My only objection to Hugh's patch is that it may cause us to fail
to split pages when we can currently split them.  That is, we do:

	wait_on_page_writeback()
	if (page_has_private(page))
		do_invalidatepage(page, offset, length);
	split_huge_page()

(at least we do in my THP patchset; not sure if there's any of that
in the kernel today), and the extra reference held for a few nanoseconds
after calling wake_up_page() will cause us to fail to split the page.
It probably doesn't matter; there has to be a fallback path anyway.

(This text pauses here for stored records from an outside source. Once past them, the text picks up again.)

lemma power_mult_pcompose_split:
  assumes "e \<le> n"
  shows "G ^ e * pcompose F G
    = G ^ e * pcompose (poly_cutoff (n - e) F) G + G ^ n * pcompose (poly_shift (n - e) F) G"
proof -
  have "G ^ e * pcompose F G = G ^ e * pcompose (poly_cutoff (n - e) F) G
      + G ^ e * G ^ (n - e) * pcompose (poly_shift (n - e) F) G"
    by (simp only: pcompose_poly_cutoff_shift[of F G "n - e"] distrib_left mult.assoc)
  also have "G ^ e * G ^ (n - e) = G ^ n"
    using assms by (simp flip: power_add)
  finally show ?thesis .
qed

lemma fpoly_power_eq_pcompose:
  assumes "i \<in> {1..r}"
  shows "fpoly r ^ e = [:-mvar i, 1:] ^ e *
    pcompose (\<Prod>l\<in>{1..r} - {i}. [:mvar i - mvar l, 1:] ^ e) [:-mvar i, 1:]"
proof -
  have fpoly: "fpoly r = [:-mvar i, 1:] * (\<Prod>l\<in>{1..r} - {i}. [:-mvar l, 1:])"
    unfolding fpoly_def using assms by (simp add: prod.remove)
  have "fpoly r ^ e = [:-mvar i, 1:] ^ e * (\<Prod>l\<in>{1..r} - {i}. [:-mvar l, 1:] ^ e)"
    unfolding fpoly by (simp only: power_mult_distrib prod_power_distrib)
  also have "(\<Prod>l\<in>{1..r} - {i}. [:-mvar l, 1:] ^ e)
      = pcompose (\<Prod>l\<in>{1..r} - {i}. [:mvar i - mvar l, 1:] ^ e) [:-mvar i, 1:]"
    by (simp add: pcompose_prod pcompose_power)
  finally show ?thesis .
qed

theorem lemma1:
  fixes r e d i j :: nat
  defines "p \<equiv> CARD('p::prime_card)"
  assumes "r \<ge> 2" and "p - 1 < 2 * e" and "e \<le> p - 1" and "1 \<le> d" and "d \<le> p"
    and "i \<in> {1..r}" and "j \<in> {1..r}"
  shows "\<exists>q :: 'p mpoly. in_vars r q \<and>
    bracket_subst ((pderiv ^^ (p - d)) (fpoly r ^ e)) (mvar i ^ p) (mvar j)
      = (\<Prod>l\<in>{1..r} - {i}. (mvar i - mvar l) ^ (2 * e - (p - 1))) * q"
proof -
  define Y :: "'p mpoly poly" where "Y = [:-mvar i, 1:]"
  define Q :: "'p mpoly poly" where "Q = (\<Prod>l\<in>{1..r} - {i}. [:mvar i - mvar l, 1:] ^ e)"
  define D :: "'p mpoly" where "D = (\<Prod>l\<in>{1..r} - {i}. (mvar i - mvar l) ^ (2 * e - (p - 1)))"
  have "e \<le> p"
    using assms(4) by linarith
  then have split: "fpoly r ^ e = Y ^ e * pcompose (poly_cutoff (p - e) Q) Y
      + Y ^ p * pcompose (poly_shift (p - e) Q) Y"
    unfolding Y_def Q_def fpoly_power_eq_pcompose[OF assms(7)] by (rule power_mult_pcompose_split)
  have "coeffs_dvd_in_vars r D (poly_cutoff (p - e) Q)"
    unfolding coeffs_dvd_in_vars_def coeff_poly_cutoff D_def Q_def
    using assms(3,4,7) by (auto intro!: dvd_in_vars_coeff_prod_linear_power in_vars_diff in_vars_mvar)
  moreover have "poly_in_vars r Y"
    unfolding Y_def using assms(7) by (intro poly_in_vars_pCons) (simp_all add: in_vars_mvar)
  ultimately have "coeffs_dvd_in_vars r D (Y ^ e * pcompose (poly_cutoff (p - e) Q) Y)"
    by (intro coeffs_dvd_in_vars_mult coeffs_dvd_in_vars_pcompose poly_in_vars_power)
  with split have "dvd_in_vars r D (bracket_subst ((pderiv ^^ (p - d)) (fpoly r ^ e)) (mvar i ^ p) (mvar j))"
    unfolding Y_def p_def
    by (rule dvd_in_vars_bracket_subst_pderiv_funpow) (use assms(7,8) in_vars_mvar in blast)+
  then show ?thesis
    unfolding dvd_in_vars_def D_def by blast
qed

end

Now I'm looking at that codepath, and the race that Hugh uncovered now
looks like a real bug.  Consider this sequence:

page allocated, added to page cache, dirtied, writeback started

--- thread A ---
end_page_writeback()
	test_clear_page_writeback
--- ctx switch to thread B ---
alloc page, add to page cache, dirty page, start page writeback,
truncate_inode_pages_range()
	wait_on_page_writeback()
--- ctx switch to thread A ---
	wake_up_page()
--- ctx switch to thread B ---
free page
alloc page
write new data to page

... now the DMA actually starts to do page writeback, and it's writing
the new data.

So my s/if/while/ suggestion is wrong and we need to do something to
prevent spurious wakeups.  Unless we bury the spurious wakeup logic
inside wait_on_page_writeback() ...